Reinsurers have reported “lackluster” results for 2020, according to analysts at Moody’s, who argue that the catastrophe and COVID-19 losses incurred last year overshadowed pricing gains.
For the full year, Moody’s noted that reinsurers’ combined ratios were generally in the 102% to 110% range, even as investment gains helped to lift profits for some firms.
Catastrophe losses have featured prominently in reinsurers’ earnings reports in recent years, with three of the five highest insured catastrophe loss years on record occurring during the past four years.
For 2020, Swiss Re estimated that insured catastrophe losses were approximately $83 billion, the fifth highest level on record.
Catastrophe event frequency was high, with a record 30 named storms in the Atlantic Ocean in 2020, of which a record 12 storms made landfall in the US (six as hurricanes).
And incorporating losses from coronavirus-related claims pushed insured catastrophe plus coronavirus claims well above $100 billion for the year.
However, Moody’s did acknowledge that, without the impact of pandemic claims, almost all the firms it covers would have reported an underwriting profit in 2020.
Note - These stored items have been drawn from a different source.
(* Let $k\in\{1,2,\dots\}\cup\{\infty\}$ and $a,b>0$ with $a,b\neq1$. Then $D^k(\mathbb{R},0)\cap w_b\,D^k(\mathbb{R},0)\,w_a$ equals $\varnothing$ if $a\neq b$ and $a\neq 1/b$; equals $E^{k,+}(\mathbb{R},0)$ if $ab=1$; and equals $E^{k,-}(\mathbb{R},0)$ if $a=b$.
   Context: $D^k(\mathbb{R},0)$ is the group of $C^k$-diffeomorphisms of $\mathbb{R}$ fixing $0$. $E^k(\mathbb{R},0)$ is its subgroup of $h$ with $h^{(i)}(0)=0$ for all integers $2\le i\le k$ (all $i\ge2$ if $k=\infty$); $E^{k,+}(\mathbb{R},0)$ and $E^{k,-}(\mathbb{R},0)$ denote its orientation preserving and orientation reversing elements. For $c>0$, $w_c\colon\mathbb{R}\to\mathbb{R}$ is the homeomorphism $w_c(x)=x$ for $x\le0$, $w_c(x)=cx$ for $x>0$, and $w_bDw_a=\{w_b\circ f\circ w_a: f\in D^k(\mathbb{R},0)\}$. *)

theory Defs
  imports "HOL-Analysis.Analysis" "HOL-Library.Extended_Nat"
begin

definition Ck :: "enat \<Rightarrow> (real \<Rightarrow> real) \<Rightarrow> bool" where
  "Ck k f \<longleftrightarrow>
     (\<forall>n::nat. enat n < k \<longrightarrow> (\<forall>x. ((deriv ^^ n) f) differentiable (at x))) \<and>
     (\<forall>n::nat. enat n \<le> k \<longrightarrow> continuous_on UNIV ((deriv ^^ n) f))"

definition Dk :: "enat \<Rightarrow> (real \<Rightarrow> real) set" where
  "Dk k = {f. bij f \<and> Ck k f \<and> Ck k (inv f) \<and> f 0 = 0}"

definition Ek :: "enat \<Rightarrow> (real \<Rightarrow> real) set" where
  "Ek k = {h \<in> Dk k. \<forall>i::nat. 2 \<le> i \<and> enat i \<le> k \<longrightarrow> (deriv ^^ i) h 0 = 0}"

definition Ek_plus :: "enat \<Rightarrow> (real \<Rightarrow> real) set" where
  "Ek_plus k = {h \<in> Ek k. strict_mono h}"

definition Ek_minus :: "enat \<Rightarrow> (real \<Rightarrow> real) set" where
  "Ek_minus k = {h \<in> Ek k. \<forall>x y. x < y \<longrightarrow> h y < h x}"

definition w :: "real \<Rightarrow> real \<Rightarrow> real" where
  "w c x = (if x \<le> 0 then x else c * x)"

definition wDw :: "enat \<Rightarrow> real \<Rightarrow> real \<Rightarrow> (real \<Rightarrow> real) set" where
  "wDw k b a = {w b \<circ> f \<circ> w a | f. f \<in> Dk k}"

end

theory Submission
  imports Defs
begin

(* If h = w_b o f o w_a with f a diffeomorphism fixing 0, then f is strictly monotone, so h equals
   c1 * f x for x <= 0 and c2 * f (a x) for x > 0, where (c1, c2) = (1, b) if f increases and
   (b, 1) if it decreases. Since h and f are C^k, the one-sided limits of the m-th derivatives at 0
   agree: c1 f^(m)(0) = c2 a^m f^(m)(0) for m <= k. For m = 1 this gives c1 = c2 a, i.e. ab = 1
   resp. a = b; for m >= 2 the factor a^(m-1) is not 1, so f^(m)(0) = 0 and hence h^(m)(0) = 0.
   Conversely, for h in E^k the map w_(1/b) o h o w_(1/a) is of the same two-sided form, and it is
   C^k because its one-sided derivatives at 0 match: the first ones by the relation between a and b,
   the higher ones because they vanish. Its inverse is C^k by the inverse function theorem. *)

fun Cn :: "nat \<Rightarrow> (real \<Rightarrow> real) \<Rightarrow> bool" where
  "Cn 0 f \<longleftrightarrow> continuous_on UNIV f"
| "Cn (Suc n) f \<longleftrightarrow> (\<forall>x. f differentiable at x) \<and> Cn n (deriv f)"

lemma Cn_iff:
  "Cn n f \<longleftrightarrow> (\<forall>m<n. \<forall>x. (deriv ^^ m) f differentiable at x)
                \<and> (\<forall>m\<le>n. continuous_on UNIV ((deriv ^^ m) f))"
proof (induction n arbitrary: f)
  case (Suc n)
  have All_le_Suc2: "(\<forall>m\<le>Suc n. P m) \<longleftrightarrow> P 0 \<and> (\<forall>m\<le>n. P (Suc m))" for P
    using All_less_Suc2[of "Suc n" P] by (simp add: less_Suc_eq_le)
  have "continuous_on UNIV f" if "\<forall>x. f differentiable at x"
    using that differentiable_imp_continuous_within continuous_at_imp_continuous_on by blast
  then show ?case
    unfolding Cn.simps Suc.IH All_less_Suc2 All_le_Suc2 funpow_0 funpow_Suc_right o_apply
    by blast
qed simp

lemma Ck_iff_Cn: "Ck k f \<longleftrightarrow> (\<forall>n. enat n \<le> k \<longrightarrow> Cn n f)"
  unfolding Ck_def Cn_iff
  by (metis Suc_ile_eq enat_ord_simps(1,2) less_imp_le order_trans order.refl)

lemma Cn_le: "m \<le> n \<Longrightarrow> Cn n f \<Longrightarrow> Cn m f"
  unfolding Cn_iff by auto

lemma differentiable_imp_DERIV_deriv:
  "f differentiable at x \<Longrightarrow> (f has_real_derivative deriv f x) (at x)"
  using DERIV_deriv_iff_real_differentiable by blast

lemma Cn_const: "Cn n (\<lambda>x. c)"
  by (induction n arbitrary: c) simp_all

lemma Cn_ident: "Cn n (\<lambda>x. x)"
  by (cases n) (simp_all add: Cn_const)

lemma Cn_add: "Cn n f \<Longrightarrow> Cn n g \<Longrightarrow> Cn n (\<lambda>x. f x + g x)"
proof (induction n arbitrary: f g)
  case (Suc n)
  then have "deriv (\<lambda>x. f x + g x) = (\<lambda>x. deriv f x + deriv g x)"
    by (intro ext DERIV_imp_deriv) (auto intro!: derivative_eq_intros differentiable_imp_DERIV_deriv)
  with Suc show ?case by auto
qed (simp add: continuous_on_add)

lemma Cn_mult: "Cn n f \<Longrightarrow> Cn n g \<Longrightarrow> Cn n (\<lambda>x. f x * g x)"
proof (induction n arbitrary: f g)
  case (Suc n)
  then have "deriv (\<lambda>x. f x * g x) = (\<lambda>x. deriv f x * g x + f x * deriv g x)"
    by (intro ext DERIV_imp_deriv) (auto intro!: derivative_eq_intros differentiable_imp_DERIV_deriv)
  moreover have "Cn n f" "Cn n g"
    using Suc.prems Cn_le le_SucI by blast+
  ultimately show ?case
    using Suc by (auto intro!: Cn_add)
qed (simp add: continuous_on_mult)

lemma Cn_compose: "Cn n f \<Longrightarrow> Cn n g \<Longrightarrow> Cn n (\<lambda>x. f (g x))"
proof (induction n arbitrary: f g)
  case 0
  then show ?case
    by (simp add: continuous_on_compose2[of UNIV f UNIV g])
next
  case (Suc n)
  have chain: "((\<lambda>x. f (g x)) has_real_derivative deriv f (g x) * deriv g x) (at x)" for x
    using Suc.prems by (intro DERIV_chain2 differentiable_imp_DERIV_deriv) auto
  then have "deriv (\<lambda>x. f (g x)) = (\<lambda>x. deriv f (g x) * deriv g x)"
    by (intro ext DERIV_imp_deriv)
  moreover have "Cn n g"
    using Suc.prems Cn_le le_SucI by blast
  ultimately show ?case
    using Suc chain real_differentiable_def by (auto intro!: Cn_mult)
qed

lemma Cn_inverse: "Cn n g \<Longrightarrow> \<forall>x. g x \<noteq> 0 \<Longrightarrow> Cn n (\<lambda>x. inverse (g x))"
proof (induction n arbitrary: g)
  case (Suc n)
  have "Cn n g"
    using Suc.prems Cn_le le_SucI by blast
  have "deriv (\<lambda>x. inverse (g x)) = (\<lambda>x. (- 1) * deriv g x * (inverse (g x) * inverse (g x)))"
    using Suc.prems by (intro ext DERIV_imp_deriv)
      (auto intro!: derivative_eq_intros differentiable_imp_DERIV_deriv simp: power2_eq_square)
  moreover have "Cn n (\<lambda>x. (- 1) * deriv g x * (inverse (g x) * inverse (g x)))"
    using Suc \<open>Cn n g\<close> by (intro Cn_mult Cn_const) auto
  moreover have "\<forall>x. (\<lambda>x. inverse (g x)) differentiable at x"
    using Suc.prems by (auto intro!: derivative_intros)
  ultimately show ?case
    by simp
qed (simp add: continuous_on_inverse)

lemma Cn_inverse_function:
  assumes f: "Cn (Suc n) f" and inv: "\<forall>x. u (f x) = x" "\<forall>y. f (u y) = y"
    and u: "continuous_on UNIV u" and nz: "\<forall>x. deriv f x \<noteq> 0"
  shows "Cn (Suc n) u"
proof -
  have du: "(u has_real_derivative inverse (deriv f (u y))) (at y)" for y
  proof (rule DERIV_inverse_function[where a="y - 1" and b="y + 1"])
    show "(f has_real_derivative deriv f (u y)) (at (u y))"
      using f by (simp add: differentiable_imp_DERIV_deriv)
    show "isCont u y"
      using u by (simp add: continuous_on_eq_continuous_at)
  qed (use nz inv in auto)
  then have deriv_u: "deriv u = (\<lambda>y. inverse (deriv f (u y)))"
    by (intro ext DERIV_imp_deriv)
  have "Cn m u" if "m \<le> Suc n" for m
    using that
  proof (induction m)
    case 0
    then show ?case using u by simp
  next
    case (Suc m)
    have "m \<le> n"
      using Suc.prems by simp
    moreover have "Cn n (deriv f)"
      using f by simp
    ultimately have "Cn m (deriv f)"
      by (rule Cn_le)
    moreover have "Cn m u"
      using Suc by simp
    ultimately have "Cn m (\<lambda>y. deriv f (u y))"
      by (rule Cn_compose)
    then have "Cn m (\<lambda>y. inverse (deriv f (u y)))"
      using nz by (simp add: Cn_inverse)
    then show ?case
      using du deriv_u real_differentiable_def by auto
  qed
  then show ?thesis by blast
qed

lemma deriv_nonzero_if_left_inverse:
  fixes f u :: "real \<Rightarrow> real"
  assumes "\<forall>x. u (f x) = x" "f differentiable at x" "u differentiable at (f x)"
  shows "deriv f x \<noteq> 0"
proof -
  have "deriv u (f x) * deriv f x = deriv (u \<circ> f) x"
    using assms by (simp add: real_derivative_chain)
  also have "u \<circ> f = id"
    using assms(1) by auto
  finally show ?thesis by auto
qed

lemma higher_deriv_scale:
  assumes "Cn m u"
  shows "(deriv ^^ m) (\<lambda>x. c * u (e * x)) = (\<lambda>x. c * e ^ m * (deriv ^^ m) u (e * x))"
  using assms
proof (induction m)
  case (Suc m)
  have "(deriv ^^ m) u differentiable at y" for y
    using Suc.prems unfolding Cn_iff by blast
  then have "((\<lambda>x. c * e ^ m * (deriv ^^ m) u (e * x)) has_real_derivative
      c * e ^ m * (deriv ((deriv ^^ m) u) (e * x) * e)) (at x)" for x
    by (intro DERIV_cmult DERIV_chain2[OF differentiable_imp_DERIV_deriv DERIV_cmult_Id])
  then have "deriv (\<lambda>x. c * e ^ m * (deriv ^^ m) u (e * x))
      = (\<lambda>x. c * e ^ Suc m * (deriv ^^ Suc m) u (e * x))"
    by (intro ext DERIV_imp_deriv) (simp add: algebra_simps)
  moreover have "Cn m u"
    using Cn_le[OF le_SucI[OF order.refl] Suc.prems] .
  ultimately show ?case
    using Suc.IH by simp
qed simp

lemma DERIV_if_le_0:
  assumes "\<forall>x. p differentiable at x" "\<forall>x. q differentiable at x"
    and "p 0 = q 0" "deriv p 0 = deriv q 0"
  shows "((\<lambda>x. if x \<le> 0 then p x else q x) has_real_derivative
           (if x \<le> 0 then deriv p x else deriv q x)) (at x)"
proof -
  have "((\<lambda>x. if x \<in> {..0} then p x else q x) has_derivative
      (if x \<in> {..0} then (*) (deriv p x) else (*) (deriv q x))) (at x within {..0} \<union> {0<..})"
  proof (rule has_derivative_If_within_closures)
    show "(p has_derivative (*) (deriv p x)) (at x within {..0} \<union> (closure {..0} \<inter> closure {0<..}))"
      using assms(1) differentiable_imp_DERIV_deriv has_field_derivative_def has_derivative_at_withinI
      by blast
    show "(q has_derivative (*) (deriv q x)) (at x within {0<..} \<union> (closure {..0} \<inter> closure {0<..}))"
      using assms(2) differentiable_imp_DERIV_deriv has_field_derivative_def has_derivative_at_withinI
      by blast
  qed (use assms(3,4) in auto)
  moreover have "{..0} \<union> {0<..} = (UNIV :: real set)"
    by auto
  ultimately show ?thesis
    by (simp add: has_field_derivative_def if_distrib[of "(*)"] cong: if_cong)
qed

lemma Cn_if_le_0:
  assumes "Cn n p" "Cn n q" "\<forall>m\<le>n. (deriv ^^ m) p 0 = (deriv ^^ m) q 0"
  shows "Cn n (\<lambda>x. if x \<le> 0 then p x else q x)"
  using assms
proof (induction n arbitrary: p q)
  case 0
  then show ?case
    by (simp, intro continuous_on_cases_le[where h="\<lambda>x. x" and a=0, of UNIV, simplified])
       (auto intro: continuous_on_subset)
next
  case (Suc n)
  have "p 0 = q 0" "deriv p 0 = deriv q 0"
    using Suc.prems(3)[rule_format, of 0] Suc.prems(3)[rule_format, of 1] by simp_all
  then have D: "((\<lambda>x. if x \<le> 0 then p x else q x) has_real_derivative
      (if x \<le> 0 then deriv p x else deriv q x)) (at x)" for x
    using Suc.prems by (intro DERIV_if_le_0) auto
  then have "deriv (\<lambda>x. if x \<le> 0 then p x else q x) = (\<lambda>x. if x \<le> 0 then deriv p x else deriv q x)"
    by (intro ext DERIV_imp_deriv)
  moreover have "Cn n (\<lambda>x. if x \<le> 0 then deriv p x else deriv q x)"
    using Suc by (intro Suc.IH) (auto simp: funpow_Suc_right simp del: funpow.simps)
  moreover have "\<forall>x. (\<lambda>x. if x \<le> 0 then p x else q x) differentiable at x"
    using D real_differentiable_def by blast
  ultimately show ?case
    by simp
qed

lemma continuous_eq_at_limit_point:
  fixes f g :: "'a::t2_space \<Rightarrow> 'b::t2_space"
  assumes "isCont f x" "isCont g x" "x islimpt S" "\<forall>y\<in>S. f y = g y"
  shows "f x = g x"
proof (rule tendsto_unique[of "at x within S" f])
  show "at x within S \<noteq> bot"
    using assms(3) trivial_limit_within by blast
  show "(f \<longlongrightarrow> f x) (at x within S)"
    using assms(1) continuous_at_imp_continuous_within continuous_within by blast
  have "(g \<longlongrightarrow> g x) (at x within S)"
    using assms(2) continuous_at_imp_continuous_within continuous_within by blast
  moreover have "eventually (\<lambda>y. f y = g y) (at x within S)"
    using assms(4) by (auto simp: eventually_at_filter)
  ultimately show "(f \<longlongrightarrow> g x) (at x within S)"
    using tendsto_cong by blast
qed

definition split_scaling :: "real \<Rightarrow> real \<Rightarrow> real \<Rightarrow> (real \<Rightarrow> real) \<Rightarrow> real \<Rightarrow> real" where
  "split_scaling c1 c2 e h x = (if x \<le> 0 then c1 * h x else c2 * h (e * x))"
While most reinsurance treaties have now renewed with exclusions for viruses and communicable diseases, analysts believe it will take an extended period of time for litigation related to prior coverages to be resolved.
Additionally, court judgments in the UK and Europe in favour of policyholders suggest there is still significant uncertainty regarding the full extent of losses from the ongoing pandemic.
Furthermore, rate movements for property cat at the January 1 renewals were not as strong as initially anticipated given that some cedants retained more risk, new capital entering the sector, and the release of some trapped capital in the alternative market.
Beyond property cat, strong pricing gains in casualty and specialty reinsurance lines were noted, with continued improvements in terms and conditions.
Moody’s also expects strong pricing in primary commercial and excess and surplus lines to enhance profitability on quota-share coverages and for reinsurers with sizable primary insurance operations.
“Given the continued uncertainties related to the coronavirus, low interest rates, the impact of social inflation on casualty reserves and the high level of catastrophe losses over the past several years, we think reinsurance pricing momentum should continue through 2021 and into the January 2022 renewals,” the rating agency concluded.